* [WHAT TO PRODUCE]: Go through the following data and transcribe exactly the stretch of lines from the one holding "w0*tau) - w0*(t" to the one holding "unfolding indifferent using d", both included.

--------------------

lemma Pi_c_J_le_Pi_c_C_iff:
  assumes "0 < d" "d < 1" "0 < w" "w < 1" "j \<ge> 2"
  shows "Pi_c_J \<Gamma> t tau p d w j \<le> Pi_c_C \<Gamma> t tau p d w \<longleftrightarrow>
    p*t \<le> \<Gamma> d*(t - tau + w*tau)"
proof -
  have "(1-d)*w \<noteq> 1" "(1-d)*w^j \<noteq> 1"
    using damped_power_lt_one[of d w 1] damped_power_lt_one[of d w j] assms by auto
  then have "Pi_c_J \<Gamma> t tau p d w j \<le> Pi_c_C \<Gamma> t tau p d w \<longleftrightarrow>
      0 \<le> (1 - w^(j-1)) * (1-d) * (\<Gamma> d*(t - tau + w*tau) - p*t) /
        ((1 - (1-d)*w) * (1 - (1-d)*w^j))"
    using assms(5) by (subst Pi_c_C_minus_Pi_c_J[symmetric]) auto
  then show ?thesis unfolding zero_le_deviation_gain_iff[OF assms] by simp
qed

lemma coop_conditions_iff:
  assumes "0 < d" "d < 1" "0 < w" "w < 1"
  shows "coop_conditions \<Gamma> t c tau p d w \<longleftrightarrow>
    c*(t - tau + w*tau) \<le> w*(1-d)*p*t \<and> p*t \<le> \<Gamma> d*(t - tau + w*tau)"
proof -
  have "coop_conditions \<Gamma> t c tau p d w \<longleftrightarrow>
    (\<forall>j::nat. j \<ge> 2 \<longrightarrow> c*(t - tau + w*tau) \<le> w*(1-d)*p*t) \<and>
    (\<forall>j::nat. j \<ge> 2 \<longrightarrow> p*t \<le> \<Gamma> d*(t - tau + w*tau))"
    unfolding coop_conditions_def
    using Pi_s_J_le_Pi_s_C_iff[OF assms] Pi_c_J_le_Pi_c_C_iff[OF assms] by simp
  also have "\<dots> \<longleftrightarrow> c*(t - tau + w*tau) \<le> w*(1-d)*p*t \<and> p*t \<le> \<Gamma> d*(t - tau + w*tau)"
    by auto
  finally show ?thesis .
qed

lemma coop_conditions_beyond_break_even:
  assumes c: "0 < c" and tau: "0 \<le> tau" "tau \<le> t"
    and corner: "0 < w0" "d0 < 1"
    and break_even: "w0*(1-d0)*\<Gamma> d0 = c"
    and indifferent: "p*t = \<Gamma> d0*(t - tau + w0*tau)"
    and d: "0 < d" "d \<le> d0" "\<Gamma> d0 \<le> \<Gamma> d"
    and w: "w0 \<le> w" "w < 1"
  shows "coop_conditions \<Gamma> t c tau p d w"
proof -
  have "0 < \<Gamma> d0"
    using zero_less_mult_pos[of "w0*(1-d0)" "\<Gamma> d0"] c corner break_even by simp
  have K0: "0 \<le> t - tau + w0*tau" using tau corner mult_nonneg_nonneg[of w0 tau] by linarith
  then have "0 \<le> p*t" unfolding indifferent using \<open>0 < \<Gamma> d0\<close> by simp
  have "w*(t - tau + w0*tau) - w0*(t - tau + w*tau) = (w - w0)*(t - tau)"
    by (simp add: algebra_simps)
  then have "w0*(t - tau + w*tau) \<le> w*(t - tau + w0*tau)"
    using w tau mult_nonneg_nonneg[of "w - w0" "t - tau"] by linarith
  then have "c*(t - tau + w*tau) \<le> (1-d0)*\<Gamma> d0*(w*(t - tau + w0*tau))"
    unfolding break_even[symmetric] using corner \<open>0 < \<Gamma> d0\<close>
    by (simp add: mult.assoc mult.left_commute mult_left_mono)
  also have "\<dots> = w*(1-d0)*(p*t)" unfolding indifferent by (simp add: algebra_simps)
  also have "\<dots> \<le> w*(1-d)*(p*t)"
    using d corner w \<open>0 \<le> p*t\<close> by (simp add: mult.assoc mult_left_mono mult_right_mono)
  finally have sp: "c*(t - tau + w*tau) \<le> w*(1-d)*(p*t)" .
  have "p*t \<le> \<Gamma> d*(t - tau + w*tau)"
    unfolding indifferent using d w tau K0 \<open>0 < \<Gamma> d0\<close>
    by (intro mult_mono) (auto intro: mult_right_mono)
  with sp show ?thesis using d corner w by (subst coop_conditions_iff) (auto simp: mult.assoc)
qed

--------------------

* [COMPLETED EXERCISE]:
  have "w*(t - tau + w0*tau) - w0*(t - tau + w*tau) = (w - w0)*(t - tau)"
    by (simp add: algebra_simps)
  then have "w0*(t - tau + w*tau) \<le> w*(t - tau + w0*tau)"
    using w tau mult_nonneg_nonneg[of "w - w0" "t - tau"] by linarith
  then have "c*(t - tau + w*tau) \<le> (1-d0)*\<Gamma> d0*(w*(t - tau + w0*tau))"
    unfolding break_even[symmetric] using corner \<open>0 < \<Gamma> d0\<close>
    by (simp add: mult.assoc mult.left_commute mult_left_mono)
  also have "\<dots> = w*(1-d0)*(p*t)" unfolding indifferent by (simp add: algebra_simps)
  also have "\<dots> \<le> w*(1-d)*(p*t)"
    using d corner w \<open>0 \<le> p*t\<close> by (simp add: mult.assoc mult_left_mono mult_right_mono)
  finally have sp: "c*(t - tau + w*tau) \<le> w*(1-d)*(p*t)" .
  have "p*t \<le> \<Gamma> d*(t - tau + w*tau)"
    unfolding indifferent using d w tau K0 \<open>0 < \<Gamma> d0\<close>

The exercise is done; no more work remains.